The top point guard in the 2014 class also said that he “highly doubts” that he’ll play on the same team as Tyus Jones, which, in turn, means Jahlil Okafor. Anxious for the next big recruiting storyline? There you go.
— Congrats to Jordan Gay, a Danville High School alum and Centre College senior who signed a deal with the Carolina Panthers earlier this week. The talented kicker was offered a deal after impressing the Panthers staff at their recent rookie mini-camp. Going into the NFL draft, he was ranked the 15th best kicker in the nation and will be Centre’s 19th player in the NFL. Go Ads and go Colonels.

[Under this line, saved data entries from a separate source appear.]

definition shadow :: "nat \<Rightarrow> nat \<Rightarrow> nat set set \<Rightarrow> nat set set" where
  "shadow n m T = {s \<in> nsets UNIV m. \<exists>t\<in>nsets UNIV (n - m). s \<union> t \<in> T}"

definition lam :: "nat \<Rightarrow> nat \<Rightarrow> nat set set \<Rightarrow> nat set set" where
  "lam n m A = {s \<in> nsets UNIV n. nsets s m \<subseteq> A}"

definition psi :: "nat \<Rightarrow> nat \<Rightarrow> nat set set \<Rightarrow> nat set set" where
  "psi n m T = lam n m (shadow n m T)"

definition psi_closed :: "nat \<Rightarrow> nat \<Rightarrow> nat set set \<Rightarrow> bool" where
  "psi_closed n m T \<longleftrightarrow> T \<subseteq> nsets UNIV n \<and> psi n m T = T"

definition near_closed :: "nat \<Rightarrow> nat \<Rightarrow> nat set set \<Rightarrow> bool" where
  "near_closed n m S \<longleftrightarrow> (\<exists>k::nat. \<exists>Ts::nat \<Rightarrow> nat set set.
     (\<forall>i<k. psi_closed n m (Ts i)) \<and>
     in_thin_ideal n ((S - (\<Union>i<k. Ts i)) \<union> ((\<Union>i<k. Ts i) - S)))"

end

theory Submission
  imports Defs "HOL-Computational_Algebra.Polynomial"
begin

(* Take pairwise disjoint finite blocks G_r of naturals and in each a set chi_r of n-subsets
   that disagrees with every union of r sets lambda^(n-m) A, A a set of m-subsets of G_r,
   on all n-subsets of some (r+n)-subset of G_r. Such chi_r exist by counting: G_r carries
   c^n sets of size r+n meeting pairwise in fewer than n points (graphs of polynomials of
   degree below n), so their n-subsets are disjoint patches, and chi_r can be chosen patch
   by patch against the comparatively few competitors. If S, the union of the chi_r, were
   near-closed via k closed sets T_i, then inside the block G_r with r >= k each T_i
   coincides with lambda^(n-m) of its shadow, so the symmetric difference of S and the union
   of the T_i contains all n-subsets of sets of every size r+n: it is thick, not thin. *)

lemma popular_trace:
  assumes "finite P" "finite \<V>"
  obtains X where "X \<subseteq> P" "card \<V> \<le> 2 ^ card P * card {V \<in> \<V>. V \<inter> P = X}"
proof -
  define cls where "cls X = {V \<in> \<V>. V \<inter> P = X}" for X
  let ?N = "(\<lambda>Y. card (cls Y)) ` Pow P"
  have "Max ?N \<in> ?N" using assms(1) by (intro Max_in) auto
  then obtain X where X: "X \<subseteq> P" "card (cls X) = Max ?N" by auto
  have max: "card (cls Y) \<le> card (cls X)" if "Y \<subseteq> P" for Y
    unfolding X(2) using that assms(1) by (intro Max_ge) auto
  have "\<V> = (\<Union>Y\<in>Pow P. cls Y)" by (auto simp: cls_def)
  then have "card \<V> \<le> (\<Sum>Y\<in>Pow P. card (cls Y))"
    using card_UN_le[of "Pow P" cls] assms(1) by simp
  also have "\<dots> \<le> (\<Sum>Y\<in>Pow P. card (cls X))" using max by (intro sum_mono) auto
  also have "\<dots> = 2 ^ card P * card (cls X)" using assms(1) by (simp add: card_Pow)
  finally show ?thesis using that X(1) unfolding cls_def by blast
qed

text \<open>On each new patch, \<open>\<chi>\<close> is the complement of the most frequent trace; this defeats at
  least a \<open>1/D\<close> fraction of the remaining competitors.\<close>
lemma patchwise_diagonalization:
  fixes P :: "'i \<Rightarrow> 'a set" and \<V> :: "'a set set"
  assumes "finite F" "finite \<V>"
    and "\<And>M. M \<in> F \<Longrightarrow> finite (P M) \<and> 2 ^ card (P M) \<le> D"
    and "\<And>M M'. M \<in> F \<Longrightarrow> M' \<in> F \<Longrightarrow> M \<noteq> M' \<Longrightarrow> P M \<inter> P M' = {}"
    and "card \<V> * (D - 1) ^ card F < D ^ card F"
  shows "\<exists>\<chi> \<subseteq> \<Union>(P ` F). \<forall>V\<in>\<V>. \<exists>M\<in>F. \<forall>Z\<in>P M. Z \<in> \<chi> \<longleftrightarrow> Z \<notin> V"
  using assms
proof (induction F arbitrary: \<V> rule: finite_induct)
  case empty
  then show ?case by simp
next
  case (insert M F)
  have finP: "finite (P M)" and D: "2 ^ card (P M) \<le> D" using insert.prems(2) by auto
  obtain X where X: "X \<subseteq> P M" "card \<V> \<le> 2 ^ card (P M) * card {V \<in> \<V>. V \<inter> P M = X}"
    using popular_trace[OF finP insert.prems(1)] .
  define \<V>' where "\<V>' = \<V> - {V \<in> \<V>. V \<inter> P M = X}"
  have card_\<V>': "card \<V>' = card \<V> - card {V \<in> \<V>. V \<inter> P M = X}"
    unfolding \<V>'_def using insert.prems(1) by (intro card_Diff_subset) auto
  have "card \<V> \<le> D * card {V \<in> \<V>. V \<inter> P M = X}"
    using X(2) D by (meson le_trans mult_le_mono1)
  then have "card \<V>' * D \<le> card \<V> * (D - 1)"
    by (simp add: card_\<V>' diff_mult_distrib diff_mult_distrib2 mult.commute diff_le_mono2)
  then have "card \<V>' * (D - 1) ^ card F * D \<le> card \<V> * (D - 1) ^ card (insert M F)"
    using insert.hyps by (simp add: mult_le_mono1 ac_simps)
  also have "\<dots> < D ^ card F * D" using insert.prems(4) insert.hyps by (simp add: mult.commute)
  finally have "card \<V>' * (D - 1) ^ card F < D ^ card F" by simp
  then obtain \<chi> where \<chi>: "\<chi> \<subseteq> \<Union>(P ` F)" "\<forall>V\<in>\<V>'. \<exists>M\<in>F. \<forall>Z\<in>P M. Z \<in> \<chi> \<longleftrightarrow> Z \<notin> V"
    using insert.IH[of \<V>'] insert.prems unfolding \<V>'_def by auto
  show ?case
  proof (intro exI[of _ "(\<chi> - P M) \<union> (P M - X)"] conjI ballI)
    fix V assume "V \<in> \<V>"
    show "\<exists>M'\<in>insert M F. \<forall>Z\<in>P M'. Z \<in> (\<chi> - P M) \<union> (P M - X) \<longleftrightarrow> Z \<notin> V"
    proof (cases "V \<inter> P M = X")
      case True
      then show ?thesis by blast
    next
      case False
      with \<open>V \<in> \<V>\<close> obtain M' where "M' \<in> F" "\<forall>Z\<in>P M'. Z \<in> \<chi> \<longleftrightarrow> Z \<notin> V"
        using \<chi>(2) unfolding \<V>'_def by blast
      moreover have "P M' \<inter> P M = {}"
        using insert.prems(3) insert.hyps(2) \<open>M' \<in> F\<close> by (metis insertCI)
      ultimately show ?thesis by blast
    qed
  qed (use \<chi>(1) in auto)
qed

lemma bernoulli_inequality_nat: "(y::nat) ^ N * (y + N) \<le> y * (y + 1) ^ N"
proof (induction N)
  case 0
  then show ?case by simp
next
  case (Suc N)
  have "y ^ Suc N * (y + Suc N) = y ^ N * (y * (y + N + 1))" by (simp add: algebra_simps)
  also have "\<dots> \<le> y ^ N * ((y + 1) * (y + N))" by (simp add: algebra_simps)
  also have "\<dots> = (y + 1) * (y ^ N * (y + N))" by (simp add: algebra_simps)
  also have "\<dots> \<le> (y + 1) * (y * (y + 1) ^ N)" using Suc.IH by (rule mult_le_mono2)
  also have "\<dots> = y * (y + 1) ^ Suc N" by (simp add: algebra_simps)
  finally show ?case .
qed

lemma two_mult_pred_pow_self_le:
  assumes "(D::nat) > 0"
  shows "2 * (D - 1) ^ D \<le> D ^ D"
proof (cases D)
  case (Suc y)
  show ?thesis
  proof (cases "y = 0")
    case False
    have "y * (2 * y ^ Suc y) \<le> y ^ Suc y * (y + Suc y)" by (simp add: algebra_simps)
    also have "\<dots> \<le> y * Suc y ^ Suc y" using bernoulli_inequality_nat[of y "Suc y"] by simp
    finally show ?thesis using False Suc by simp
  qed (simp add: Suc)
qed (use assms in simp)

lemma two_pow_mult_pred_pow_less:
  assumes "(D::nat) \<ge> 2" "N \<ge> D * (s + 1)"
  shows "2 ^ s * (D - 1) ^ N < D ^ N"
proof -
  have "(2 * (D - 1) ^ D) ^ (s + 1) \<le> (D ^ D) ^ (s + 1)"
    by (intro power_mono two_mult_pred_pow_self_le) (use assms(1) in auto)
  then have head: "2 ^ (s + 1) * (D - 1) ^ (D * (s + 1)) \<le> D ^ (D * (s + 1))"
    by (simp only: power_mult_distrib power_mult)
  have tail: "(D - 1) ^ (N - D * (s + 1)) \<le> D ^ (N - D * (s + 1))" by (intro power_mono) auto
  have "2 ^ (s + 1) * (D - 1) ^ N
      = 2 ^ (s + 1) * (D - 1) ^ (D * (s + 1)) * (D - 1) ^ (N - D * (s + 1))"
    using assms(2) by (simp add: power_add[symmetric])
  also have "\<dots> \<le> D ^ (D * (s + 1)) * D ^ (N - D * (s + 1))" using head tail by (rule mult_le_mono)
  also have "\<dots> = D ^ N" using assms(2) by (simp add: power_add[symmetric])
  finally have "2 ^ (s + 1) * (D - 1) ^ N \<le> D ^ N" .
  moreover have "2 ^ s * (D - 1) ^ N < 2 ^ (s + 1) * (D - 1) ^ N" using assms(1) by simp
  ultimately show ?thesis by linarith
qed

— Allow me some more alma mater love if you will. The nation has fallen in love with Stephen Curry during the playoffs, and with very good reason. But the Davidson alum is much, much more than an on-court talent with a really hot mom. If you get a chance, read this heartwarming story about how Curry helped make a dying man’s wish come true by getting him and his daughter (a Davidson alum) floor level seats to a game against the Trailblazers, and coming to meet him afterwards. Good on ya, Steph.
— Finally, be sure to check out @UK2014Class, a twitter account started by UK football’s current 2014 commitments. Their mission? Recruit more of the nation’s top players to Kentucky to get the class in the top ten nationally. The momentum in UK football right is higher than Willie Nelson on the way home from Bonnaroo.
That’s all for now. See you in the morning.